Strawberry School
Introduction
Text-to-speech Audio
Images
Backstory and Context
Text-to-speech Audio
When the first Territorial legislature convened in Prescott in 1864, Governor John Goodwin asked that a system of public education be established in Arizona. A firm believer in learning, Goodwin advocated the notion that universal education and self-government were inseparable. He informed the territorial assembly that Sections 16 and 36 of each township had been set aside, by the Organic Act that organized the Territory, to generate income to support public education. Goodwin also urged legislators to allot a small portion of funds raised through taxation to create public schools. The legislators took the Governor’s request for a small amount of funds quite literally, allotting only $1,500 to establish institutions in San Xavier del Bac, Prescott, Tucson, Mohave, and La Paz. Because of the miniscule portion of funds, only San Xavier and Prescott benefitted from the allotment.

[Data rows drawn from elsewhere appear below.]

(* Let $(S,\mathscr{S})$ be a measurable space, $n\le N$, and $X=(X_1,\ldots,X_n)$ an exchangeable random element of $S^n$. Then: (i) extending functionals exist, and every extending functional $\mathcal L$ satisfies $\mathcal L(1)=1$; (ii) if an extending functional $\mathcal L$ has $\|\mathcal L\|=1$, then $\mathcal L$ is monotone (i.e. $f\le g$ pointwise implies $\mathcal Lf\le\mathcal Lg$); (iii) if an extending functional $\mathcal L$ has $\|\mathcal L\|=1$ and $f\in b(S^N)$ satisfies $f(x)\le1$ for all $x\in S^N$, then $\mathcal L(\mathbf 1_{f\le t})\le\frac{1-\mathcal Lf}{1-t}$ for every $t<1$.
   Context: $b(S^k)$ is the space of bounded measurable real functions on $S^k$ with the sup norm. With $\mathfrak S[n,N]$ the set of injections $\{1,\ldots,n\}\to\{1,\ldots,N\}$ and $(N)_n=N(N-1)\cdots(N-n+1)$, $U^N_ng(x_1,\ldots,x_N)=\frac1{(N)_n}\sum_{\sigma\in\mathfrak S[n,N]}g(x_{\sigma(1)},\ldots,x_{\sigma(n)})$. The primitive extending functional $\mathcal E$ is the (well-defined) linear functional on $U^N_n(b(S^n))$ given by $\mathcal E(U^N_ng)=\mathbb{E}\,g(X_1,\ldots,X_n)$, with operator norm $\|\mathcal E\|$ w.r.t. the sup norm. An extending functional is a linear functional $\mathcal L:b(S^N)\to\mathbb{R}$ which is symmetric (i.e. $\mathcal L(f\circ\sigma)=\mathcal L(f)$ for every permutation $\sigma$ of coordinates), agrees with $\mathcal E$ on $U^N_n(b(S^n))$, and satisfies $\|\mathcal L\|=\|\mathcal E\|$. $\mathbf 1_{f\le t}$ is the indicator of $\{x:f(x)\le t\}$. *)

theory Defs
  imports "HOL-Probability.Probability" "HOL-Combinatorics.Permutations"
begin

text \<open>Points of S^k are extensional functions {..<k} \<rightarrow> S (coordinates indexed from 0).\<close>

abbreviation SPow :: "'a measure \<Rightarrow> nat \<Rightarrow> (nat \<Rightarrow> 'a) measure" where
  "SPow M k \<equiv> PiM {..<k} (\<lambda>_. M)"

definition bfun :: "'a measure \<Rightarrow> nat \<Rightarrow> ((nat \<Rightarrow> 'a) \<Rightarrow> real) set" where
  "bfun M k = {f. f \<in> borel_measurable (SPow M k) \<and>
                  (\<exists>B. \<forall>x\<in>space (SPow M k). \<bar>f x\<bar> \<le> B)}"

definition supnorm :: "'a measure \<Rightarrow> nat \<Rightarrow> ((nat \<Rightarrow> 'a) \<Rightarrow> real) \<Rightarrow> real" where
  "supnorm M k f = (SUP x\<in>space (SPow M k). \<bar>f x\<bar>)"

text \<open>Injections {..<n} \<rightarrow> {..<N} (0-indexed version of S[n,N]).\<close>
definition injs :: "nat \<Rightarrow> nat \<Rightarrow> (nat \<Rightarrow> nat) set" where
  "injs n N = {\<sigma> \<in> {..<n} \<rightarrow>\<^sub>E {..<N}. inj_on \<sigma> {..<n}}"

definition falling :: "nat \<Rightarrow> nat \<Rightarrow> real" where
  "falling N n = (\<Prod>i<n. real (N - i))"

definition Uop :: "nat \<Rightarrow> nat \<Rightarrow> ((nat \<Rightarrow> 'a) \<Rightarrow> real) \<Rightarrow> (nat \<Rightarrow> 'a) \<Rightarrow> real" where
  "Uop n N g x = (1 / falling N n) * (\<Sum>\<sigma>\<in>injs n N. g (\<lambda>i\<in>{..<n}. x (\<sigma> i)))"

definition exchangeable :: "'a measure \<Rightarrow> nat \<Rightarrow> 'b measure \<Rightarrow> ('b \<Rightarrow> nat \<Rightarrow> 'a) \<Rightarrow> bool" where
  "exchangeable M n P X \<longleftrightarrow>
     (\<forall>\<sigma>. \<sigma> permutes {..<n} \<longrightarrow>
        distr P (SPow M n) (\<lambda>\<omega>. X \<omega> \<circ> \<sigma>) = distr P (SPow M n) X)"

definition opnorm :: "'a measure \<Rightarrow> nat \<Rightarrow> (((nat \<Rightarrow> 'a) \<Rightarrow> real) \<Rightarrow> real) \<Rightarrow> ereal" where
  "opnorm M N L = (SUP f\<in>{f \<in> bfun M N. supnorm M N f \<le> 1}. ereal \<bar>L f\<bar>)"

text \<open>Operator norm of the primitive extending functional E, defined on U^N_n(b(S^n)) by
  E(U^N_n g) = E g(X): supremum of |E h| over h in the domain with sup norm at most 1.\<close>
definition primnorm :: "'a measure \<Rightarrow> nat \<Rightarrow> nat \<Rightarrow> 'b measure \<Rightarrow> ('b \<Rightarrow> nat \<Rightarrow> 'a) \<Rightarrow> ereal" where
  "primnorm M n N P X =
     (SUP g\<in>{g \<in> bfun M n. supnorm M N (Uop n N g) \<le> 1}.
        ereal \<bar>integral\<^sup>L P (\<lambda>\<omega>. g (X \<omega>))\<bar>)"

definition extending ::
  "'a measure \<Rightarrow> nat \<Rightarrow> nat \<Rightarrow> 'b measure \<Rightarrow> ('b \<Rightarrow> nat \<Rightarrow> 'a) \<Rightarrow> (((nat \<Rightarrow> 'a) \<Rightarrow> real) \<Rightarrow> real) \<Rightarrow> bool" where
  "extending M n N P X L \<longleftrightarrow>
     (\<forall>f\<in>bfun M N. \<forall>g\<in>bfun M N. \<forall>a b::real.
         L (\<lambda>x. a * f x + b * g x) = a * L f + b * L g) \<and>
     (\<forall>f\<in>bfun M N. \<forall>\<sigma>. \<sigma> permutes {..<N} \<longrightarrow> L (\<lambda>x. f (x \<circ> \<sigma>)) = L f) \<and>
     (\<forall>g\<in>bfun M n. L (Uop n N g) = integral\<^sup>L P (\<lambda>\<omega>. g (X \<omega>))) \<and>
     opnorm M N L = primnorm M n N P X"

end

theory Submission
  imports Defs
begin

text \<open>The primitive functional \<open>\<E>(U\<^sup>N\<^sub>n g) = \<bbbE> g(X)\<close> is well defined and bounded: by
  exchangeability \<open>\<bbbE> g(X) = \<bbbE> (U\<^sup>n\<^sub>n g)(X)\<close>, and a symmetric function \<open>h\<close> on \<open>S\<^sup>n\<close>
  is bounded by a constant multiple of \<open>\<parallel>U\<^sup>N\<^sub>n h\<parallel>\<close>, by induction on the number of coordinates
  different from a fixed point \<open>z\<close>, evaluating \<open>U\<^sup>N\<^sub>n h\<close> at the point padded with copies
  of \<open>z\<close>. Hahn--Banach extends \<open>\<E>\<close> to \<open>b(S\<^sup>N)\<close> with the same norm, and averaging over
  permutations of the coordinates makes the extension symmetric. Since constants are
  U-statistics, \<open>\<L> 1 = 1\<close>; a functional with \<open>\<L> 1 = 1 = \<parallel>\<L>\<parallel>\<close> is positive, and the
  last claim is Markov's inequality for the pointwise bound \<open>\<one>\<^sub>f\<^sub>\<le>\<^sub>t \<le> (1 - f)/(1 - t)\<close>.\<close>

lemma space_SPow_not_empty: "space M \<noteq> {} \<Longrightarrow> space (SPow M k) \<noteq> {}"
  by (simp add: space_PiM PiE_eq_empty_iff)

lemma bfunE:
  assumes "f \<in> bfun M k"
  obtains B where "f \<in> borel_measurable (SPow M k)" "\<And>x. x \<in> space (SPow M k) \<Longrightarrow> \<bar>f x\<bar> \<le> B"
  using assms unfolding bfun_def by blast

lemma bfunI:
  "f \<in> borel_measurable (SPow M k) \<Longrightarrow> (\<And>x. x \<in> space (SPow M k) \<Longrightarrow> \<bar>f x\<bar> \<le> B) \<Longrightarrow> f \<in> bfun M k"
  unfolding bfun_def by blast

lemma bfun_const [simp]: "(\<lambda>_. c) \<in> bfun M k"
  by (rule bfunI[where B="\<bar>c\<bar>"]) auto

lemma bfun_lincomb:
  assumes f: "f \<in> bfun M k" and g: "g \<in> bfun M k"
  shows "(\<lambda>x. a * f x + b * g x) \<in> bfun M k"
proof -
  obtain B1 B2 where
    fm: "f \<in> borel_measurable (SPow M k)" and B1: "\<And>x. x \<in> space (SPow M k) \<Longrightarrow> \<bar>f x\<bar> \<le> B1" and
    gm: "g \<in> borel_measurable (SPow M k)" and B2: "\<And>x. x \<in> space (SPow M k) \<Longrightarrow> \<bar>g x\<bar> \<le> B2"
    using f g by (metis bfunE)
  show ?thesis
  proof (rule bfunI[where B="\<bar>a\<bar> * B1 + \<bar>b\<bar> * B2"])
    show "(\<lambda>x. a * f x + b * g x) \<in> borel_measurable (SPow M k)"
      using fm gm by measurable
    fix x assume x: "x \<in> space (SPow M k)"
    have "\<bar>a * f x + b * g x\<bar> \<le> \<bar>a\<bar> * \<bar>f x\<bar> + \<bar>b\<bar> * \<bar>g x\<bar>"
      by (metis abs_mult abs_triangle_ineq)
    also have "\<dots> \<le> \<bar>a\<bar> * B1 + \<bar>b\<bar> * B2"
      using B1[OF x] B2[OF x] by (intro add_mono mult_left_mono) auto
    finally show "\<bar>a * f x + b * g x\<bar> \<le> \<bar>a\<bar> * B1 + \<bar>b\<bar> * B2" .
  qed
qed

lemma bfun_scale: "f \<in> bfun M k \<Longrightarrow> (\<lambda>x. a * f x) \<in> bfun M k"
  using bfun_lincomb[of f M k f a 0] by simp

lemma abs_le_supnorm: "f \<in> bfun M k \<Longrightarrow> x \<in> space (SPow M k) \<Longrightarrow> \<bar>f x\<bar> \<le> supnorm M k f"
  unfolding supnorm_def by (rule cSUP_upper) (auto simp: bdd_above_def elim!: bfunE)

Public education developed at an unsteady pace under Goodwin’s successor. In 1865, Governor Richard McCormick temporarily postponed the initiation of a school system, stating that he found existing provisions for schools in the Territory to be adequate. Despite McCormick’s opinion, the 1867 territorial assembly enacted a law giving towns the option of collecting taxes for schools. Tucson was the only community that took advantage of this provision. In 1867, Tucson established a small school which only operated for six months due to a lack of funds.
It was not until President Ulysses S. Grant appointed Anson P. K. Safford as Governor of Arizona in 1869 that the outlook began to change. Safford was mortified by the results of the 1870 census, which showed that Arizona had almost two thousand children between the ages of six and twenty-one, but not a single public school. Safford’s mission to change the situation earned him the reputation of “the father of Arizona schools”. Safford crafted a public-school bill that provided for a Territorial school tax of ten cents on each hundred dollars of property. The public-school bill authorized counties to collect school taxes not to exceed fifty cents per one hundred dollars of property. Three public-school trustees were to be elected in each district. The responsibilities of the trustees were to provide and furnish schoolhouses, take a school census each year, and to levy special taxes if the district was unable to keep the school open for at least three months a year.
The first prominent EuroAmerican settlers arrived in the Strawberry Valley towards the end of Safford’s administration. The small community of farmers, ranchers, and freighters realized the need to educate its young children. Thus, in 1884, Strawberry Valley generated a petition to organize a district and establish a school. The petition was taken to Prescott and submitted to county school superintendent, William “Buckey” O’Neill. O’Neill was a good friend of LaFayette Nash, one of the earliest settlers of Strawberry Valley, and it is believed that the close relationship between the two men facilitated the rapid granting of a school district for Strawberry Valley. Local legend states that O’Neill told the families of Strawberry’s children to build the schoolhouse, and he would provide its furnishings.
Families were eager to begin construction but could not agree on a site for the new school. Homes were scattered throughout the three-and-a-half-mile length of the valley and parents were concerned about the distances their children would have to walk. Another local legend tells that this issue was resolved by two cowboys using a rope to measure the distances from the homes on the furthest eastern and western areas of the valley in order to construct the school at the midway point. Construction began in early 1885.
Superintendent O’Neill fulfilled his promise to the settlers. He sent furnishings that included glass windows that could be raised and lowered, factory-made desks, the latest edition of Webster’s Dictionary, a current world globe, a large slate Blackboard, two overhead gaslights, a wood-burning stove, a clock, textbooks, and even a pump organ. The school opened in the Fall of 1885. It was the pride of Strawberry Valley – the building would serve not only as a school but also an occasional dance hall, church, and meetinghouse for Valley residents. Mollie Burgett was the Strawberry School’s first teacher. The teacher received a salary averaging $30 a month, plus room and board with meals for them normally being provided by the families of the children who attended school.
The Strawberry School remained in operation every school year, except for 1908-1909 due to inadequate enrollment, until its closing in June 1916. Since 1916, Strawberry’s students have attended public school in neighboring Pine County within the Pine-Strawberry consolidated school district. For the next half-century, the School found occasional use as a temporary residence for newcomers to Strawberry as they built their own homes or for transients passing through the area, but it was never used again for instructional purposes.